**** DATA FOR ANALYSIS ****

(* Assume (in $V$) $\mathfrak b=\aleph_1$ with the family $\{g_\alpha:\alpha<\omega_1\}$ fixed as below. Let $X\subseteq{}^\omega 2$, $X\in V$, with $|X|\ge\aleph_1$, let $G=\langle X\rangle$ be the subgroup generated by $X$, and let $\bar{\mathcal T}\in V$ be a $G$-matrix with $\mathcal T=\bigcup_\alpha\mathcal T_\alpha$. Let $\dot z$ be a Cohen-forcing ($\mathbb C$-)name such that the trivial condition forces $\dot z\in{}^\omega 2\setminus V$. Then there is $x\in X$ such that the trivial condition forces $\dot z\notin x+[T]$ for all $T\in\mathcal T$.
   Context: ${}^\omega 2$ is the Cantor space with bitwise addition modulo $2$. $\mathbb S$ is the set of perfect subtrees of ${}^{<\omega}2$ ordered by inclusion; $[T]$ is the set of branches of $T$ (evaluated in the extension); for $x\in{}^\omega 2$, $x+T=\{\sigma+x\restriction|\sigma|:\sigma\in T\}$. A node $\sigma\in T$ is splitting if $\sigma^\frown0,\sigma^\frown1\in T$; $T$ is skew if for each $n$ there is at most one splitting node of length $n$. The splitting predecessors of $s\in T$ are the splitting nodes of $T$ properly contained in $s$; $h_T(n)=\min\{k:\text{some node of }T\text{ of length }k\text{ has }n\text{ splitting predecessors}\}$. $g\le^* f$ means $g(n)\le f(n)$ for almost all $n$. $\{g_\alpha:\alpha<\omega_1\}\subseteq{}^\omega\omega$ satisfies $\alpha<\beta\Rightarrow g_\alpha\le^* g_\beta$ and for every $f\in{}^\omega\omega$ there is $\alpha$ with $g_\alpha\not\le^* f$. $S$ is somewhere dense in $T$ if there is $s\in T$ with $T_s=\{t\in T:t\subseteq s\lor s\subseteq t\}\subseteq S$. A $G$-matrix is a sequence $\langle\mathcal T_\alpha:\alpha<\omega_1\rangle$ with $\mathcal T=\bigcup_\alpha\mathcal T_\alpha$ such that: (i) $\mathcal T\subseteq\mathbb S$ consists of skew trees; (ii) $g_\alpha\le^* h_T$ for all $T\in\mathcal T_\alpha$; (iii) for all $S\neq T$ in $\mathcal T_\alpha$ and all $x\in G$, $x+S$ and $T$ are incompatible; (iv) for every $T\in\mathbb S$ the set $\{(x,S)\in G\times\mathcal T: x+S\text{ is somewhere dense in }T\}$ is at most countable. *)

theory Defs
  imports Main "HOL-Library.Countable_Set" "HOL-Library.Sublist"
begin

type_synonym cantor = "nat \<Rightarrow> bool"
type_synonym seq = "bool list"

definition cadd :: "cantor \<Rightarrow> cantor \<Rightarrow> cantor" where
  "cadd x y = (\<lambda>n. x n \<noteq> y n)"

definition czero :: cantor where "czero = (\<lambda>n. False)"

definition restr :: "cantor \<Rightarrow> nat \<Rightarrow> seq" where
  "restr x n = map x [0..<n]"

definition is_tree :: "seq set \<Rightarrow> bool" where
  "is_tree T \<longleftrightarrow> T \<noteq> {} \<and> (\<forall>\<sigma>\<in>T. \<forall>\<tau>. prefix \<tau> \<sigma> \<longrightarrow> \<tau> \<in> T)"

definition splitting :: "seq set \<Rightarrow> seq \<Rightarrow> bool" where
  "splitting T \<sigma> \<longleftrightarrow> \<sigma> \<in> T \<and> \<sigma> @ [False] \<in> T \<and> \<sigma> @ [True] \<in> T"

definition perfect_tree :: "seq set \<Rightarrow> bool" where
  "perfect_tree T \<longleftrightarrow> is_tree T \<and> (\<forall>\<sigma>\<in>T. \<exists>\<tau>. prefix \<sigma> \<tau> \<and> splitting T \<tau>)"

****
**** DATA FOR ANALYSIS ****

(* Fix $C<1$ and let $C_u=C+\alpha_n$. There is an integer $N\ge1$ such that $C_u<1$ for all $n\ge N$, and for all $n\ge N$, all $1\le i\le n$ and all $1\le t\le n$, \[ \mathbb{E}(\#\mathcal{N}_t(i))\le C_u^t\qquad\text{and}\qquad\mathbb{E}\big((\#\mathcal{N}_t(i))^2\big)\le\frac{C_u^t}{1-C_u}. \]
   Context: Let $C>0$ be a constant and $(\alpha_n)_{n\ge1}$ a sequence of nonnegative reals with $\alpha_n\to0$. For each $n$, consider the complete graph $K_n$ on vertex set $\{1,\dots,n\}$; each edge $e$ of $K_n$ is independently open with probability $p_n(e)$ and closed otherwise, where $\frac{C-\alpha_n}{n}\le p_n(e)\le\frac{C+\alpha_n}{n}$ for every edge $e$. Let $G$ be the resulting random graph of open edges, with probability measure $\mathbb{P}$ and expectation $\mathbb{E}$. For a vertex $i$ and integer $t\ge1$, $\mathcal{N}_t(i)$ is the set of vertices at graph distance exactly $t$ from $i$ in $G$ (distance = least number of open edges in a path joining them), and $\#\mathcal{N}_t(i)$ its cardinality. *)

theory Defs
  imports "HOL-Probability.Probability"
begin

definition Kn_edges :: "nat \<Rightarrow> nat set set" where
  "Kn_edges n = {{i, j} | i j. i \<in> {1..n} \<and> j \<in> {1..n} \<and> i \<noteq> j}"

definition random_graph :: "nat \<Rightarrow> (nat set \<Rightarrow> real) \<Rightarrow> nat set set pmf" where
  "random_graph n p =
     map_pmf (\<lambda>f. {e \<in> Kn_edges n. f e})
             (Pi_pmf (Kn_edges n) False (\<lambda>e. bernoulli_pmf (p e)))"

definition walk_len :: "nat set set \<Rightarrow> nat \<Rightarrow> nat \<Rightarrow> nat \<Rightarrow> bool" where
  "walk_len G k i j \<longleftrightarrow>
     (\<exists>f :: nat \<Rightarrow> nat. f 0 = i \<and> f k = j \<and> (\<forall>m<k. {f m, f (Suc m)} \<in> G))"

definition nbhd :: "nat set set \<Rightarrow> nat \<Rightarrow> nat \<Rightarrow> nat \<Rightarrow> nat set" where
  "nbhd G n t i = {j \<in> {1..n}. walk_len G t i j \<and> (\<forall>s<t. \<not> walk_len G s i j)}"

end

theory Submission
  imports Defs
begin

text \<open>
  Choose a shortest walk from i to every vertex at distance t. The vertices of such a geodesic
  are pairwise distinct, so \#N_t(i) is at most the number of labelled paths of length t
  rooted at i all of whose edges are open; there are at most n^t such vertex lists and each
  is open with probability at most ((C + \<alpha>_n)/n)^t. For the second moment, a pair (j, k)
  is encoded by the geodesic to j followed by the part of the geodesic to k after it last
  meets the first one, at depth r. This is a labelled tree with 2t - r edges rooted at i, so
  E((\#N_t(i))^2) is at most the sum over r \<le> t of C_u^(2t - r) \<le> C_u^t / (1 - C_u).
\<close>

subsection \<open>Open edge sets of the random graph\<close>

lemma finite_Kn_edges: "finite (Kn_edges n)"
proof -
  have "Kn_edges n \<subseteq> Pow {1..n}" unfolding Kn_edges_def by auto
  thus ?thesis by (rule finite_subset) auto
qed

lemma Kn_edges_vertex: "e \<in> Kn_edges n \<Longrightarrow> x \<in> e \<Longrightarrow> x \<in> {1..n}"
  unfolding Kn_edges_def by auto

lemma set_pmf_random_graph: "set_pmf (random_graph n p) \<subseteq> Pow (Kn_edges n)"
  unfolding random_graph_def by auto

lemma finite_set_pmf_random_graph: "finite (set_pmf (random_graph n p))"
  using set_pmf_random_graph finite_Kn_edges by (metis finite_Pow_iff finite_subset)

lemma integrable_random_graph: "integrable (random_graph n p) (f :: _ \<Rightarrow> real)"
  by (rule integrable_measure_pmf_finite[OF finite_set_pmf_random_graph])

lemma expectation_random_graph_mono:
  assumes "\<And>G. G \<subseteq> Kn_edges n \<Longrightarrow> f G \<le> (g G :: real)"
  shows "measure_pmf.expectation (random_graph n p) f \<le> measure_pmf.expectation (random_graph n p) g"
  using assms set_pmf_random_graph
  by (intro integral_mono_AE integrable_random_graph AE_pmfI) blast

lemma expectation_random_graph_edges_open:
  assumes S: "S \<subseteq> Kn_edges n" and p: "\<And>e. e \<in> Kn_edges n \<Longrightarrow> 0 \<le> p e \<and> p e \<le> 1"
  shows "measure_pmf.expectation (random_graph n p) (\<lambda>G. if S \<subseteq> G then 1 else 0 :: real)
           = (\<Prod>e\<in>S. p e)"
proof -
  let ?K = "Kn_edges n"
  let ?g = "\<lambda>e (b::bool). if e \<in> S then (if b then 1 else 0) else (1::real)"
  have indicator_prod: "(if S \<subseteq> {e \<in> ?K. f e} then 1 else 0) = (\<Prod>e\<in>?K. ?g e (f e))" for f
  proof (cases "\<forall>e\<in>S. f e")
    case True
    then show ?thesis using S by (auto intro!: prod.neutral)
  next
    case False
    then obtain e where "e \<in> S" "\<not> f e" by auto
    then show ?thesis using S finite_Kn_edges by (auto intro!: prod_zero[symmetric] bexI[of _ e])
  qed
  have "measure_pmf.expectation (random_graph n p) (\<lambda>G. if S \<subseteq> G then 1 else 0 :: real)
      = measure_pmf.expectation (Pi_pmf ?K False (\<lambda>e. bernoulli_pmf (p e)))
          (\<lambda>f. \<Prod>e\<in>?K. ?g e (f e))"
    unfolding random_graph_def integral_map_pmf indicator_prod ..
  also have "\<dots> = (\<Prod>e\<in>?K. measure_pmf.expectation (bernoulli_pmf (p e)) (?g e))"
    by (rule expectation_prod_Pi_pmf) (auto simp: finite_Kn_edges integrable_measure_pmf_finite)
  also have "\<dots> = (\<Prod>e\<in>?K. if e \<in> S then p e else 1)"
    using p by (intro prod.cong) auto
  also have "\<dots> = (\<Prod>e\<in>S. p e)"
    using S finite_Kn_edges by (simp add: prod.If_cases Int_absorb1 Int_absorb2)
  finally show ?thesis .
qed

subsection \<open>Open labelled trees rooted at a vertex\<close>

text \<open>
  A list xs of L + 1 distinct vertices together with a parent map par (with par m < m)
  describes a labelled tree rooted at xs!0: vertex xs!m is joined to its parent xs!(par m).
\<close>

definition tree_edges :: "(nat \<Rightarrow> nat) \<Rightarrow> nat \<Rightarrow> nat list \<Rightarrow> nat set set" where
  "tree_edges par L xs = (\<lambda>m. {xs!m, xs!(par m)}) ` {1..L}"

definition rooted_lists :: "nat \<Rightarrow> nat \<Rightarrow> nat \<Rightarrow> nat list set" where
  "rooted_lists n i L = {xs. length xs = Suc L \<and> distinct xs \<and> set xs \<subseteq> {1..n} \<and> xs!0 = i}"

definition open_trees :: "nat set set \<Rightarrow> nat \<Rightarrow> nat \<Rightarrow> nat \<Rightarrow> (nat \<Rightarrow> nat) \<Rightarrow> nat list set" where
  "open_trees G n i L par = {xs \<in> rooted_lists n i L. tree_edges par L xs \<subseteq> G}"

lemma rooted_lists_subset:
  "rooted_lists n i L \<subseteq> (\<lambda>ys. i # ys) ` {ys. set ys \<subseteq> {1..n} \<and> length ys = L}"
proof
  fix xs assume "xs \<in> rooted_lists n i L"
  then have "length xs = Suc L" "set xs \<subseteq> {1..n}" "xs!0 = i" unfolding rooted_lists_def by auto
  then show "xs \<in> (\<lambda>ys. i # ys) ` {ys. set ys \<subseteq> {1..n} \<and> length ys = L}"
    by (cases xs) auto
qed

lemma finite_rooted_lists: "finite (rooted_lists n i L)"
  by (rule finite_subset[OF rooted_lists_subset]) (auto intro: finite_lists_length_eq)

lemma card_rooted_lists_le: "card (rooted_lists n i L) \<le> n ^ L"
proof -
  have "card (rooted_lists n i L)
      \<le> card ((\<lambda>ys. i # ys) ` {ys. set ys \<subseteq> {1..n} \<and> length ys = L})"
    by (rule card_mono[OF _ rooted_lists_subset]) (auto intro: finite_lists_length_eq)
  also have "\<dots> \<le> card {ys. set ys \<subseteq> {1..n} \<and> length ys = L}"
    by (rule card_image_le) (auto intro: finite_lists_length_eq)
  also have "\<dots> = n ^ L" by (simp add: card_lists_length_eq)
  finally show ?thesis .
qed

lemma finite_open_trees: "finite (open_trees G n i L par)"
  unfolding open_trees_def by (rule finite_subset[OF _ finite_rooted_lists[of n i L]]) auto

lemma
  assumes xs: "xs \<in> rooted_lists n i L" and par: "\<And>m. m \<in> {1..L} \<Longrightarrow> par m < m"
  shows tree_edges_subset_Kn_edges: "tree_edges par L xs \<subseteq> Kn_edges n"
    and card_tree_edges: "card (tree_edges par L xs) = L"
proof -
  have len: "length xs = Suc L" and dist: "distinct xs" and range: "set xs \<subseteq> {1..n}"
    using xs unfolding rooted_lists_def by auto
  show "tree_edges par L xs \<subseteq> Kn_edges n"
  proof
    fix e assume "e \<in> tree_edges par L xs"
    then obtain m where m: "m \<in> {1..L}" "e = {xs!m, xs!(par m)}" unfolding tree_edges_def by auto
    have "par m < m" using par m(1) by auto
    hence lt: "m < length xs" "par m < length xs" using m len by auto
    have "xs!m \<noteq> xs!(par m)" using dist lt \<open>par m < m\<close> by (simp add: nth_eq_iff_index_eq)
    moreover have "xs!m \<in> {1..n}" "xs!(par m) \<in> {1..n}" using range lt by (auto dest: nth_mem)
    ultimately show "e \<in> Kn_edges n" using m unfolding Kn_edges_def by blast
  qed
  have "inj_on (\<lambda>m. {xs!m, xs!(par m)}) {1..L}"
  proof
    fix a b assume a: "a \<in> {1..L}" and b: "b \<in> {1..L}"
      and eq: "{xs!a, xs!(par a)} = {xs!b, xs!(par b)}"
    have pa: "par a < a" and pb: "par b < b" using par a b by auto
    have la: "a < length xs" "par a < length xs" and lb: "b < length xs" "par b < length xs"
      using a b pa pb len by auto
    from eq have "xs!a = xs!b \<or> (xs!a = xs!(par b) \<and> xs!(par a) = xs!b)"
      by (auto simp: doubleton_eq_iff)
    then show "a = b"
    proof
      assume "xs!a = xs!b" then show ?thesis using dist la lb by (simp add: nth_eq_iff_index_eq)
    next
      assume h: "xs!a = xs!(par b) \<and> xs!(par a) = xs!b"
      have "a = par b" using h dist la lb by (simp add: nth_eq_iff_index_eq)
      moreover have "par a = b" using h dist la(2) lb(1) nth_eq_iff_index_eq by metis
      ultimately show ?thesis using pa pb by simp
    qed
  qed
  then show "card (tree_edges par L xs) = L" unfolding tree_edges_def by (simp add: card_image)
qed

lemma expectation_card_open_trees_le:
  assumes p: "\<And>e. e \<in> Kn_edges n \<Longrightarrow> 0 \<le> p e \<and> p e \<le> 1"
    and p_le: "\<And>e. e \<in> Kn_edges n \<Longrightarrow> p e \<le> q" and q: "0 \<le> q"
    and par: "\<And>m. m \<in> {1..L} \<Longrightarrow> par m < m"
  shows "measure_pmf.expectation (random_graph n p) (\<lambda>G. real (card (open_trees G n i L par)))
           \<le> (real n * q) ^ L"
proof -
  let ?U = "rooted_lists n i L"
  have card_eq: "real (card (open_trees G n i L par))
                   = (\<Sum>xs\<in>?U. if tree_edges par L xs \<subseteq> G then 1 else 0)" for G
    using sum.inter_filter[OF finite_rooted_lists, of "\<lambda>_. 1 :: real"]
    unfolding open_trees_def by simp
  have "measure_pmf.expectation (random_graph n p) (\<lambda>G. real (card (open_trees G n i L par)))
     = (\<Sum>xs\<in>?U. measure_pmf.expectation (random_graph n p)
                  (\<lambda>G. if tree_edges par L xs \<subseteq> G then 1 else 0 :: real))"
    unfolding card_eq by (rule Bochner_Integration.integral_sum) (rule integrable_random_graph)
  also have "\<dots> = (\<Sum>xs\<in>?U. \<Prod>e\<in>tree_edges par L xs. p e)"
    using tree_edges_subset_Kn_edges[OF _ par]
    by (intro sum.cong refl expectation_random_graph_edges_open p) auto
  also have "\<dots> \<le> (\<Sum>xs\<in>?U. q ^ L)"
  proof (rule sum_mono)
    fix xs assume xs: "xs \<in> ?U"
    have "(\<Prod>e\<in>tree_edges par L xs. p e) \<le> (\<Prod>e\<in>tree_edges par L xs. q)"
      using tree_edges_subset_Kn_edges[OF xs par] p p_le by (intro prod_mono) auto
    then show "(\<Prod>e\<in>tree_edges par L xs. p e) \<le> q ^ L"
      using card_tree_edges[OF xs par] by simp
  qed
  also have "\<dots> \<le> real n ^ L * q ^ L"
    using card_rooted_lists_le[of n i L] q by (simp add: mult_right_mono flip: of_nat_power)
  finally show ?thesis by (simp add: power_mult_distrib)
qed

****

• [WHAT IS EXPECTED] Word for word, restate the lines of the data above that fall between the line holding "Choose a shortest" and the line holding "unfolding random_graph_def by auto", inclusive, and no other lines.

• [EXERCISE RESPONSE]
  Choose a shortest walk from i to every vertex at distance t. The vertices of such a geodesic
  are pairwise distinct, so \#N_t(i) is at most the number of labelled paths of length t
  rooted at i all of whose edges are open; there are at most n^t such vertex lists and each
  is open with probability at most ((C + \<alpha>_n)/n)^t. For the second moment, a pair (j, k)
  is encoded by the geodesic to j followed by the part of the geodesic to k after it last
  meets the first one, at depth r. This is a labelled tree with 2t - r edges rooted at i, so
  E((\#N_t(i))^2) is at most the sum over r \<le> t of C_u^(2t - r) \<le> C_u^t / (1 - C_u).
\<close>

subsection \<open>Open edge sets of the random graph\<close>

lemma finite_Kn_edges: "finite (Kn_edges n)"
proof -
  have "Kn_edges n \<subseteq> Pow {1..n}" unfolding Kn_edges_def by auto
  thus ?thesis by (rule finite_subset) auto
qed

lemma Kn_edges_vertex: "e \<in> Kn_edges n \<Longrightarrow> x \<in> e \<Longrightarrow> x \<in> {1..n}"
  unfolding Kn_edges_def by auto

lemma set_pmf_random_graph: "set_pmf (random_graph n p) \<subseteq> Pow (Kn_edges n)"
  unfolding random_graph_def by auto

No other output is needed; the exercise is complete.